Your task: Repeat exactly, and only, the lines of the entries below from the one with "mat) = mat3" through the one with "mat3 (a*a' +", both ends included.

Stored items:
########################################

(* For every $n\ge1$ and $i=1,2$, the formal semigroup $\mathcal{S}_{K_i}$ is not closed under addition (hence not a semigroup); indeed $4\in\mathcal{S}_{K_i}$ but $4n+4\notin\mathcal{S}_{K_i}$. Here $K_1,K_2$ are the closures of $(\sigma_2\sigma_1\sigma_3\sigma_2)(\sigma_1\sigma_2\sigma_3)^{4n}\sigma_2^{-1}(\sigma_2\sigma_3)^6$ and $(\sigma_2\sigma_1\sigma_3\sigma_2)(\sigma_1\sigma_2\sigma_3)^{4n}\sigma_3^{-1}(\sigma_2\sigma_3)^6$.
   Context: For a knot $K$ whose Alexander polynomial, normalized to be a polynomial with constant term $1$, is $\Delta_K(t)$, the formal semigroup $\mathcal{S}_K\subset\mathbb{Z}_{\ge0}$ is defined by $\Delta_K(t)/(1-t)=\sum_{s\in\mathcal{S}_K}t^s$. $\sigma_i$ are the standard generators of the $4$--strand braid group. *)

theory Defs
  imports "HOL-Computational_Algebra.Polynomial"
          "HOL-Computational_Algebra.Fraction_Field"
          "HOL-Computational_Algebra.Polynomial_FPS"
          "Jordan_Normal_Form.Determinant"
begin

text \<open>Braid words in the 4-strand braid group: the letter i (i = 1,2,3) stands for
  sigma_i and the letter -i for its inverse; words are read left to right.\<close>
type_synonym braid_word = "int list"

type_synonym ratfun = "int poly fract"

definition tvar :: ratfun where "tvar = to_fract [:0, 1:]"

definition burau_gen :: "int \<Rightarrow> ratfun mat" where
  "burau_gen x = mat 3 3 (\<lambda>(i, j).
     (if x = 1 then
        (if (i, j) = (0, 0) then - tvar else if (i, j) = (0, 1) then 1
         else if i = j then 1 else 0)
      else if x = 2 then
        (if (i, j) = (1, 0) then tvar else if (i, j) = (1, 1) then - tvar
         else if (i, j) = (1, 2) then 1 else if i = j then 1 else 0)
      else if x = 3 then
        (if (i, j) = (2, 1) then tvar else if (i, j) = (2, 2) then - tvar
         else if i = j then 1 else 0)
      else if x = -1 then
        (if (i, j) = (0, 0) then - inverse tvar else if (i, j) = (0, 1) then inverse tvar
         else if i = j then 1 else 0)
      else if x = -2 then
        (if (i, j) = (1, 0) then 1 else if (i, j) = (1, 1) then - inverse tvar
         else if (i, j) = (1, 2) then inverse tvar else if i = j then 1 else 0)
      else if x = -3 then
        (if (i, j) = (2, 1) then 1 else if (i, j) = (2, 2) then - inverse tvar
         else if i = j then 1 else 0)
      else (if i = j then 1 else 0)))"

definition burau :: "braid_word \<Rightarrow> ratfun mat" where
  "burau w = foldl (\<lambda>M x. M * burau_gen x) (1\<^sub>m 3) w"

text \<open>p is the Alexander polynomial of the closure of the 4-braid w, normalized to be a
  polynomial with constant term 1.  Uses the Burau formula
  det(I - burau(w)) = (1 + t + t^2 + t^3) * Delta(t), up to units +-t^k.\<close>
definition alexander_poly_closure :: "braid_word \<Rightarrow> int poly \<Rightarrow> bool" where
  "alexander_poly_closure w p \<longleftrightarrow>
     poly.coeff p 0 = 1 \<and>
     (\<exists>(e::int) (k::int). (e = 1 \<or> e = -1) \<and>
        det (1\<^sub>m 3 - burau w) =
          of_int e * tvar powi k * to_fract (p * [:1, 1, 1, 1:]))"

definition is_formal_semigroup :: "int poly \<Rightarrow> nat set \<Rightarrow> bool" where
  "is_formal_semigroup p S \<longleftrightarrow>
     fps_of_poly p = (1 - fps_X) * Abs_fps (\<lambda>s. if s \<in> S then 1 else 0)"

definition K1_word :: "nat \<Rightarrow> braid_word" where
  "K1_word n = [2, 1, 3, 2] @ concat (replicate (4 * n) [1, 2, 3]) @ [-2]
               @ concat (replicate 6 [2, 3])"

definition K2_word :: "nat \<Rightarrow> braid_word" where
  "K2_word n = [2, 1, 3, 2] @ concat (replicate (4 * n) [1, 2, 3]) @ [-3]
               @ concat (replicate 6 [2, 3])"

end

theory Submission
  imports Defs
begin

text \<open>Each word contains the braid (\<sigma>1 \<sigma>2 \<sigma>3)^(4n), a power of the full twist, whose reduced
  Burau matrix is the scalar t^(4n). So det(I - B(K_i)) is the characteristic polynomial of the
  Burau matrix of the word with n = 0, evaluated at t^(4n), and it equals
  \<Delta>(t) (1 + t + t^2 + t^3). Hence \<Delta>(t)/(1 - t) = det(I - B(K_i))/(1 - t^4), whose coefficients
  are partial sums of the coefficients of the determinant along the residue classes mod 4.
  In the class of 0 this gives 4, 4n \<in> S but 4n + 4 \<notin> S.\<close>

definition mat3 :: "'a \<Rightarrow> 'a \<Rightarrow> 'a \<Rightarrow> 'a \<Rightarrow> 'a \<Rightarrow> 'a \<Rightarrow> 'a \<Rightarrow> 'a \<Rightarrow> 'a \<Rightarrow> 'a mat" where
  "mat3 a b c d e f g h i = mat 3 3 (\<lambda>(r, s). [[a, b, c], [d, e, f], [g, h, i]] ! r ! s)"

lemma less_3_cases: "(r::nat) < 3 \<longleftrightarrow> r = 0 \<or> r = 1 \<or> r = 2"
  by auto

lemma mat3_carrier: "mat3 a b c d e f g h i \<in> carrier_mat 3 3"
  by (simp add: mat3_def)

lemma mat3_eqI:
  assumes "A \<in> carrier_mat 3 3"
    and "A $$ (0, 0) = a" "A $$ (0, 1) = b" "A $$ (0, 2) = c"
    and "A $$ (1, 0) = d" "A $$ (1, 1) = e" "A $$ (1, 2) = f"
    and "A $$ (2, 0) = g" "A $$ (2, 1) = h" "A $$ (2, 2) = i"
  shows "A = mat3 a b c d e f g h i"
proof (rule eq_matI)
  fix r s
  assume "r < dim_row (mat3 a b c d e f g h i)" "s < dim_col (mat3 a b c d e f g h i)"
  then have "r < 3" "s < 3"
    by (simp_all add: mat3_def)
  then show "A $$ (r, s) = mat3 a b c d e f g h i $$ (r, s)"
    unfolding less_3_cases using assms by (elim disjE) (simp_all add: mat3_def)
qed (use assms in \<open>simp_all add: mat3_def\<close>)

lemma mat3_index:
  "mat3 a b c d e f g h i $$ (0, 0) = a" "mat3 a b c d e f g h i $$ (0, 1) = b"
  "mat3 a b c d e f g h i $$ (0, 2) = c" "mat3 a b c d e f g h i $$ (1, 0) = d"
  "mat3 a b c d e f g h i $$ (1, 1) = e" "mat3 a b c d e f g h i $$ (1, 2) = f"
  "mat3 a b c d e f g h i $$ (2, 0) = g" "mat3 a b c d e f g h i $$ (2, 1) = h"
  "mat3 a b c d e f g h i $$ (2, 2) = i"
  by (simp_all add: mat3_def)

lemma mat3_eq_iff:
  "mat3 a b c d e f g h i = mat3 a' b' c' d' e' f' g' h' i' \<longleftrightarrow>
   a = a' \<and> b = b' \<and> c = c' \<and> d = d' \<and> e = e' \<and> f = f' \<and> g = g' \<and> h = h' \<and> i = i'"
  using mat3_eqI[OF mat3_carrier] mat3_index by metis

lemma one_mat3: "(1\<^sub>m 3 :: 'a::{zero,one} mat) = mat3 1 0 0 0 1 0 0 0 1"
  by (rule mat3_eqI) simp_all

lemma mat3_mult:
  "mat3 a b c d e f g h i * mat3 a' b' c' d' e' f' g' h' i' =
   mat3 (a*a' + b*d' + c*g') (a*b' + b*e' + c*h') (a*c' + b*f' + c*i')
        (d*a' + e*d' + f*g') (d*b' + e*e' + f*h') (d*c' + e*f' + f*i')
        (g*a' + h*d' + i*g') (g*b' + h*e' + i*h') (g*c' + h*f' + i*i')"
  by (rule mat3_eqI)
    (auto simp: mat3_def scalar_prod_def row_def col_def numeral_3_eq_3)

lemma smult_mat3:
  "k \<cdot>\<^sub>m mat3 a b c d e f g h i = mat3 (k*a) (k*b) (k*c) (k*d) (k*e) (k*f) (k*g) (k*h) (k*i)"
  by (rule mat3_eqI) (simp_all add: mat3_def)

lemma minus_mat3:
  "mat3 a b c d e f g h i - mat3 a' b' c' d' e' f' g' h' i' =
   mat3 (a-a') (b-b') (c-c') (d-d') (e-e') (f-f') (g-g') (h-h') (i-i')"
  by (rule mat3_eqI) (auto simp: mat3_def)

lemma det_2x2:
  assumes "A \<in> carrier_mat 2 2"
  shows "det A = A $$ (0, 0) * A $$ (1, 1) - A $$ (0, 1) * A $$ (1, 0)"
proof -
  have minor: "det (mat_delete A 0 j) = mat_delete A 0 j $$ (0, 0)" for j
    by (rule det_single) (use assms in \<open>auto simp: mat_delete_def\<close>)
  show ?thesis
    unfolding laplace_expansion_row[OF assms, of 0, simplified]
    using assms by (simp add: cofactor_def minor numeral_2_eq_2 lessThan_Suc) (simp add: mat_delete_def)
qed

lemma det_mat3:
  "det (mat3 a b c d e f g h i :: 'a::comm_ring_1 mat) =
   a*e*i - a*f*h - b*d*i + b*f*g + c*d*h - c*e*g"
proof -
  let ?A = "mat3 a b c d e f g h i"
  have minor: "det (mat_delete ?A 0 j) =
      mat_delete ?A 0 j $$ (0, 0) * mat_delete ?A 0 j $$ (1, 1)
    - mat_delete ?A 0 j $$ (0, 1) * mat_delete ?A 0 j $$ (1, 0)" for j
    by (rule det_2x2) (simp add: mat_delete_def mat3_def)
  show ?thesis
    unfolding laplace_expansion_row[OF mat3_carrier, of 0, simplified]
    by (simp add: cofactor_def minor numeral_3_eq_3 lessThan_Suc)
      (simp add: mat_delete_def mat3_def algebra_simps)
qed

lemma det_one_minus_smult_mat3:
  "det (1\<^sub>m 3 - y \<cdot>\<^sub>m mat3 a b c d e f g h i :: 'a::comm_ring_1 mat) =
   1 - y * (a + e + i) + y^2 * (a*e - b*d + a*i - c*g + e*i - f*h)
     - y^3 * (a*e*i - a*f*h - b*d*i + b*f*g + c*d*h - c*e*g)"
  unfolding one_mat3 smult_mat3 minus_mat3 det_mat3
  by (simp add: algebra_simps power2_eq_square power3_eq_cube)

lemma burau_gen_mat3:
  "burau_gen 1 = mat3 (- tvar) 1 0 0 1 0 0 0 1"
  "burau_gen 2 = mat3 1 0 0 tvar (- tvar) 1 0 0 1"
  "burau_gen 3 = mat3 1 0 0 0 1 0 0 tvar (- tvar)"
  "burau_gen (-2) = mat3 1 0 0 1 (- inverse tvar) (inverse tvar) 0 0 1"
  "burau_gen (-3) = mat3 1 0 0 0 1 0 0 1 (- inverse tvar)"
  by (rule mat3_eqI; simp add: burau_gen_def)+

lemma burau_gen_carrier: "burau_gen x \<in> carrier_mat 3 3"
  unfolding burau_gen_def by (rule mat_carrier)

lemma burau_carrier: "burau w \<in> carrier_mat 3 3"
proof -
  have "foldl (\<lambda>M x. M * burau_gen x) M w \<in> carrier_mat 3 3" if "M \<in> carrier_mat 3 3" for M
    using that burau_gen_carrier by (induction w arbitrary: M) auto
  then show ?thesis
    unfolding burau_def by simp
qed

lemma burau_snoc: "burau (w @ [x]) = burau w * burau_gen x"
  by (simp add: burau_def)

lemma burau_Nil: "burau [] = 1\<^sub>m 3"
  by (simp add: burau_def)

lemma burau_append: "burau (u @ v) = burau u * burau v"
proof (induction v rule: rev_induct)
  case Nil
  then show ?case
    using burau_carrier right_mult_one_mat by (metis append_Nil2 burau_Nil)
next
  case (snoc x v)
  have "burau (u @ v @ [x]) = burau u * burau v * burau_gen x"
    using burau_snoc[of "u @ v"] snoc by simp
  also have "\<dots> = burau u * (burau v * burau_gen x)"
    by (rule assoc_mult_mat[OF burau_carrier burau_carrier burau_gen_carrier])
  finally show ?case
    by (simp add: burau_snoc)
qed

lemma burau_full_twist: "burau (concat (replicate 4 [1, 2, 3])) = tvar^4 \<cdot>\<^sub>m 1\<^sub>m 3"
proof -
  have "concat (replicate 4 [1, 2, 3]) = [1, 2, 3, 1, 2, 3, 1, 2, 3, 1, 2, 3 :: int]"
    by (simp add: numeral_eq_Suc)
  then show ?thesis
    by (simp add: burau_def one_mat3 burau_gen_mat3 mat3_mult smult_mat3 mat3_eq_iff)
      (simp add: algebra_simps power_numeral_reduce)
qed

lemma burau_full_twist_power:
  "burau (concat (replicate (4 * n) [1, 2, 3])) = (tvar^4)^n \<cdot>\<^sub>m 1\<^sub>m 3"
proof (induction n)
  case 0
  then show ?case
    by (simp add: burau_Nil one_mat3 smult_mat3)
next
  case (Suc n)
  have "concat (replicate (4 * Suc n) [1, 2, 3 :: int]) =
      concat (replicate 4 [1, 2, 3]) @ concat (replicate (4 * n) [1, 2, 3])"
    by (simp only: mult_Suc_right replicate_add concat_append)
  then show ?case
    by (simp add: burau_append burau_full_twist Suc one_mat3 smult_mat3 mat3_mult)
qed

lemma burau_insert_full_twists:
  "burau (u @ concat (replicate (4 * n) [1, 2, 3]) @ v) = (tvar^4)^n \<cdot>\<^sub>m burau (u @ v)"
proof -
  have u: "burau u \<in> carrier_mat 3 3" and v: "burau v \<in> carrier_mat 3 3"
    by (rule burau_carrier)+
  have "burau (u @ concat (replicate (4 * n) [1, 2, 3]) @ v) =
      burau u * ((tvar^4)^n \<cdot>\<^sub>m 1\<^sub>m 3 * burau v)"
    by (simp add: burau_append burau_full_twist_power)
  also have "\<dots> = burau u * ((tvar^4)^n \<cdot>\<^sub>m burau v)"
    using v by (simp add: mult_smult_assoc_mat[of _ 3 3] left_mult_one_mat)
  also have "\<dots> = (tvar^4)^n \<cdot>\<^sub>m burau (u @ v)"
    using u v by (simp add: mult_smult_distrib burau_append)
  finally show ?thesis .
qed

lemma tvar_nonzero: "tvar \<noteq> 0"
  by (simp add: tvar_def)

definition indicator_fps :: "nat set \<Rightarrow> 'a::{zero,one} fps" where
  "indicator_fps S = Abs_fps (\<lambda>s. if s \<in> S then 1 else 0)"

lemma fps_one_minus_X_power_mult_nth:
  "fps_nth ((1 - fps_X ^ m) * F) s =
   fps_nth F s - (if m \<le> s then fps_nth F (s - m) else (0::'a::comm_ring_1))"
  by (simp add: left_diff_distrib fps_X_power_mult_nth not_le)

lemma fps_of_poly_one_plus_X_to_X3:
  "fps_of_poly [:1, 1, 1, 1 :: 'a::comm_ring_1:] = 1 + fps_X + fps_X^2 + fps_X^3"
  by (simp add: fps_of_poly_pCons algebra_simps power_numeral_reduce)

lemma one_minus_X_times_one_plus_X_to_X3:
  "(1 - fps_X) * (1 + fps_X + fps_X^2 + fps_X^3) = (1 - fps_X^4 :: 'a::comm_ring_1 fps)"
  by (simp add: algebra_simps power_numeral_reduce)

########################################

Solution:
lemma one_mat3: "(1\<^sub>m 3 :: 'a::{zero,one} mat) = mat3 1 0 0 0 1 0 0 0 1"
  by (rule mat3_eqI) simp_all

lemma mat3_mult:
  "mat3 a b c d e f g h i * mat3 a' b' c' d' e' f' g' h' i' =
   mat3 (a*a' + b*d' + c*g') (a*b' + b*e' + c*h') (a*c' + b*f' + c*i')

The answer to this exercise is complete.